I'm in the process of annotating some data (along with some students---thanks guys!). While this data isn't really in the context of an NLP application, the annotation process made me think of the following issue. I can annotate a lot more data if I'm less careful. Okay, so this is obvious. But it's something I hadn't really specifically thought of before.
So here's the issue. I have some fixed amount of time in which to annotate data (or some fixed amount of dollars). In this time, I can annotate N data points with a noise-rate of eta_N. Presumably eta_N approaches one half (for a binary task) as N increases. In other words, as N increases, (1-2 eta_N) approaches zero. A standard result in PAC learning states that a lower bound on the number of examples required to achieve 1-epsilon accuracy with probability 1-delta with a noise rate of eta_N when the VC-dimension is h is (h+log(1/delta))/(epsilon (1-2 eta)^2)).

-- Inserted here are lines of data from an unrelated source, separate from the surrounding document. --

(* Let $\Bbbk$ be a field, $\mathrm{Var}$ a variety of $\Bbbk$-algebras with one binary product defined by polylinear identities, $X$ a set, $\dot X$ a disjoint copy of $X$, $F=\mathrm{Var}\langle X\cup\dot X\rangle$, and $\varphi:F\to F$ the algebra homomorphism with $\varphi(x)=\varphi(\dot x)=x$ ($x\in X$). (1) Let $V\subseteq F$ be the span of all monomials of positive degree in $\dot X$, identified with $\text{tri-}\mathrm{Var}\langle X\rangle$ (operations $f\vdash g=\varphi(f)g$, $f\dashv g=f\varphi(g)$, $f\perp g=fg$, $\dot x\leftrightarrow x$). Let $S\subseteq V$ and $I=(S\cup\varphi(S))$ the ideal of $F$ generated by $S\cup\varphi(S)$. Then $I$ is $\varphi$-invariant, so $\varphi$ induces an endomorphism $\bar\varphi$ of $F/I$, and $F/I$ becomes a tri-algebra $(F/I)^{(3)}$ via $a\vdash b=\bar\varphi(a)b$, $a\dashv b=a\bar\varphi(b)$, $a\perp b=ab$; the tri-algebra $\text{tri-}\mathrm{Var}\langle X\mid S\rangle$ is isomorphic to the subalgebra of $(F/I)^{(3)}$ generated by the image of $\dot X$. (2) Similarly, let $V_2\subseteq F$ be the span of monomials of degree exactly $1$ in $\dot X$, identified with $\text{di-}\mathrm{Var}\langle X\rangle$ (operations $f\vdash g=\varphi(f)g$, $f\dashv g=f\varphi(g)$, $\dot x\leftrightarrow x$). For $S\subseteq V_2$ and $I=(S\cup\varphi(S))$, the di-algebra $\text{di-}\mathrm{Var}\langle X\mid S\rangle$ is isomorphic to the subalgebra of $F/I$ with operations $a\vdash b=\bar\varphi(a)b$, $a\dashv b=a\bar\varphi(b)$ generated by the image of $\dot X$.
   Context: Replication: for a polylinear $\Phi(x_1,\dots,x_n)$ in the free algebra with one binary operation $\mu$ and nonempty $H\subseteq\{1,\dots,n\}$, $\Phi_H$ is obtained by viewing each monomial as a binary tree, marking leaves $x_i$, $i\in H$, and replacing $\mu$ at each node by $\mu_S$, $S\subseteq\{1,2\}$ the set of branches containing a marked leaf (by $\mu_{\{1\}}$ if $S=\varnothing$). Write $\dashv=\mu_{\{1\}}$, $\vdash=\mu_{\{2\}}$, $\perp=\mu_{\{1,2\}}$. $\text{tri-}\mathrm{Var}$ is the variety of algebras with operations $\vdash,\dashv,\perp$ satisfying $(a* b)\vdash c=(a\star b)\vdash c$, $a\dashv(b* c)=a\dashv(b\star c)$ for all $*,\star\in\{\vdash,\dashv,\perp\}$, and $\Phi_H=0$ for every defining identity $\Phi$ of $\mathrm{Var}$ and nonempty $H$. $\text{di-}\mathrm{Var}$ is the variety of algebras with operations $\vdash,\dashv$ satisfying $(a\dashv b)\vdash c=(a\vdash b)\vdash c$, $a\dashv(b\vdash c)=a\dashv(b\dashv c)$, and $\Phi_{\{i\}}=0$ for every defining identity $\Phi$ of $\mathrm{Var}$ of degree $n$ and $1\le i\le n$. $\text{tri-}\mathrm{Var}\langle X\mid S\rangle$ (resp. $\text{di-}\mathrm{Var}\langle X\mid S\rangle$) denotes the quotient of the free tri- (resp. di-) algebra on $X$ by the ideal generated by $S$. The identifications of $V$ and $V_2$ with the free tri- and di-algebras on $X$ are established in the paper. *)

theory Defs
  imports Main
begin

text \<open>Nonassociative monomials: binary trees with labelled leaves.\<close>
datatype 'a btree = Leaf 'a | Node "'a btree" "'a btree"

fun leaves :: "'a btree \<Rightarrow> 'a list" where
  "leaves (Leaf a) = [a]"
| "leaves (Node l r) = leaves l @ leaves r"

text \<open>Elements of the magma algebra k{Y}: finitely supported coefficient functions
  on monomials.  For generators Y = X \<union> dotX we use the labels Inl x (for x) and
  Inr x (for the dotted copy of x), x \<in> X.\<close>

definition Melt :: "'x set \<Rightarrow> (('x + 'x) btree \<Rightarrow> 'k::field) \<Rightarrow> bool" where
  "Melt X f \<longleftrightarrow> finite {t. f t \<noteq> 0} \<and>
     (\<forall>t. f t \<noteq> 0 \<longrightarrow> set_btree t \<subseteq> Inl ` X \<union> Inr ` X)"

definition mzero :: "'a btree \<Rightarrow> 'k::field" where "mzero = (\<lambda>t. 0)"
definition madd :: "('a btree \<Rightarrow> 'k::field) \<Rightarrow> ('a btree \<Rightarrow> 'k) \<Rightarrow> ('a btree \<Rightarrow> 'k)" where
  "madd f g = (\<lambda>t. f t + g t)"
definition msub :: "('a btree \<Rightarrow> 'k::field) \<Rightarrow> ('a btree \<Rightarrow> 'k) \<Rightarrow> ('a btree \<Rightarrow> 'k)" where
  "msub f g = (\<lambda>t. f t - g t)"
definition msc :: "'k::field \<Rightarrow> ('a btree \<Rightarrow> 'k) \<Rightarrow> ('a btree \<Rightarrow> 'k)" where
  "msc c f = (\<lambda>t. c * f t)"
definition mmul :: "('a btree \<Rightarrow> 'k::field) \<Rightarrow> ('a btree \<Rightarrow> 'k) \<Rightarrow> ('a btree \<Rightarrow> 'k)" where
  "mmul f g = (\<lambda>t. case t of Leaf _ \<Rightarrow> 0 | Node a b \<Rightarrow> f a * g b)"
definition mono :: "'a btree \<Rightarrow> ('a btree \<Rightarrow> 'k::field)" where
  "mono t = (\<lambda>s. if s = t then 1 else 0)"

text \<open>A (nonassociative) polynomial in variables x_1, x_2, ... (labelled by nat).\<close>
definition polylinear :: "(nat btree \<Rightarrow> 'k::field) \<Rightarrow> bool" where
  "polylinear \<Phi> \<longleftrightarrow> finite {t. \<Phi> t \<noteq> 0} \<and>
     (\<exists>n. \<forall>t. \<Phi> t \<noteq> 0 \<longrightarrow> distinct (leaves t) \<and> set (leaves t) = {1..n})"

fun eval_mono :: "(nat \<Rightarrow> ('a btree \<Rightarrow> 'k::field)) \<Rightarrow> nat btree \<Rightarrow> ('a btree \<Rightarrow> 'k)" where
  "eval_mono u (Leaf i) = u i"
| "eval_mono u (Node a b) = mmul (eval_mono u a) (eval_mono u b)"

definition eval_poly :: "(nat btree \<Rightarrow> 'k::field) \<Rightarrow> (nat \<Rightarrow> ('a btree \<Rightarrow> 'k)) \<Rightarrow> ('a btree \<Rightarrow> 'k)" where
  "eval_poly \<Phi> u = (\<lambda>s. \<Sum>t\<in>{t. \<Phi> t \<noteq> 0}. \<Phi> t * eval_mono u t s)"

inductive_set ideal_gen :: "'x set \<Rightarrow> (('x + 'x) btree \<Rightarrow> 'k::field) set \<Rightarrow> (('x + 'x) btree \<Rightarrow> 'k) set"
  for X G where
  gen: "g \<in> G \<Longrightarrow> g \<in> ideal_gen X G"
| zero: "mzero \<in> ideal_gen X G"
| add: "a \<in> ideal_gen X G \<Longrightarrow> b \<in> ideal_gen X G \<Longrightarrow> madd a b \<in> ideal_gen X G"
| smult: "a \<in> ideal_gen X G \<Longrightarrow> msc c a \<in> ideal_gen X G"
| mulr: "a \<in> ideal_gen X G \<Longrightarrow> Melt X m \<Longrightarrow> mmul a m \<in> ideal_gen X G"
| mull: "a \<in> ideal_gen X G \<Longrightarrow> Melt X m \<Longrightarrow> mmul m a \<in> ideal_gen X G"

text \<open>The verbal (T-)ideal of k{X \<union> dotX} of the variety defined by the identities Ids;
  Var<X \<union> dotX> = k{X \<union> dotX} / Tideal X Ids.\<close>
definition Tideal :: "'x set \<Rightarrow> (nat btree \<Rightarrow> 'k::field) set \<Rightarrow> (('x + 'x) btree \<Rightarrow> 'k) set" where
  "Tideal X Ids = ideal_gen X {eval_poly \<Phi> u | \<Phi> u. \<Phi> \<in> Ids \<and> (\<forall>i. Melt X (u i))}"

inductive_set subalg_gen :: "('a btree \<Rightarrow> 'k::field) set \<Rightarrow> (('a btree \<Rightarrow> 'k) \<Rightarrow> ('a btree \<Rightarrow> 'k) \<Rightarrow> ('a btree \<Rightarrow> 'k)) list \<Rightarrow> ('a btree \<Rightarrow> 'k) set"
  for G ops where
  gen: "g \<in> G \<Longrightarrow> g \<in> subalg_gen G ops"
| zero: "mzero \<in> subalg_gen G ops"
| add: "a \<in> subalg_gen G ops \<Longrightarrow> b \<in> subalg_gen G ops \<Longrightarrow> madd a b \<in> subalg_gen G ops"
| smult: "a \<in> subalg_gen G ops \<Longrightarrow> msc c a \<in> subalg_gen G ops"
| op: "p \<in> set ops \<Longrightarrow> a \<in> subalg_gen G ops \<Longrightarrow> b \<in> subalg_gen G ops \<Longrightarrow> p a b \<in> subalg_gen G ops"

abbreviation lin_span where "lin_span G \<equiv> subalg_gen G []"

This gives us some insight into the problem. This says that it is worth labeling more data (with higher noise) only if 1/(1-2 eta_N)^2 increases more slowly than N. So if we can label twice as much data and have the noise of this annotation increase by less than a factor of 0.15, then we're doing well. (Well in the sense that we can keep the bound the same an shrink either \epsilon or delta.)
So how does this hold up in practice? Well, it's hard to tell exactly for real problems because running such experiments would be quite time-consuming. So here's a simulation. We have a binary classification problem with 100 features. The weight vector is random; the first 50 dimensions are Nor(0,0.2); the next 35 are Nor(0,5); the final 15 are Nor(m,1) where m is the weight of the current feature id minus 35 (feature correlation). We vary the number of training examples and the error rate. We always generate equal number of positive and negative points. We train a logistic regression model with hyperparameters tuned on 1024 (noisy) dev points and evaluate on 1024 non-noisy test points. We do this ten times for each setting and average the results. Here's a picture of accuracy as a function of data set size and noise rate:
And here's the table of results:
N\eta 0 0.01 0.02 0.05 0.1 0.2
16 0.341 0.340 0.351 0.366 0.380 0.420
32 0.283 0.276 0.295 0.307 0.327 0.363
64 0.215 0.221 0.227 0.247 0.266 0.324
128 0.141 0.148 0.164 0.194 0.223 0.272
256 0.084 0.099 0.100 0.136 0.165 0.214
512 0.038 0.061 0.065 0.087 0.113 0.164
1024 0.023 0.034 0.044 0.059 0.079 0.123
The general trend here seems to be that if you don't have much data (N<=256), then it's almost always better to get more data at a much higher error rate (0.1 or 0.2 versus 0.0). Once you have a reasonable amount of data, then it starts paying to be more noise-free. Eg., 256 examples with 0.05 noise is just about as good as 1024 examples with 0.2 noise. This roughly concurs with the theorem (at least in terms of the trends).
I think the take-home message that's perhaps worth keeping in mind is the following. If we only have a little time/money for annotation, we should probably annotate more data at a higher noise rate. Once we start getting more money, we should simultaneously be more careful and add more data, but not let one dominate the other.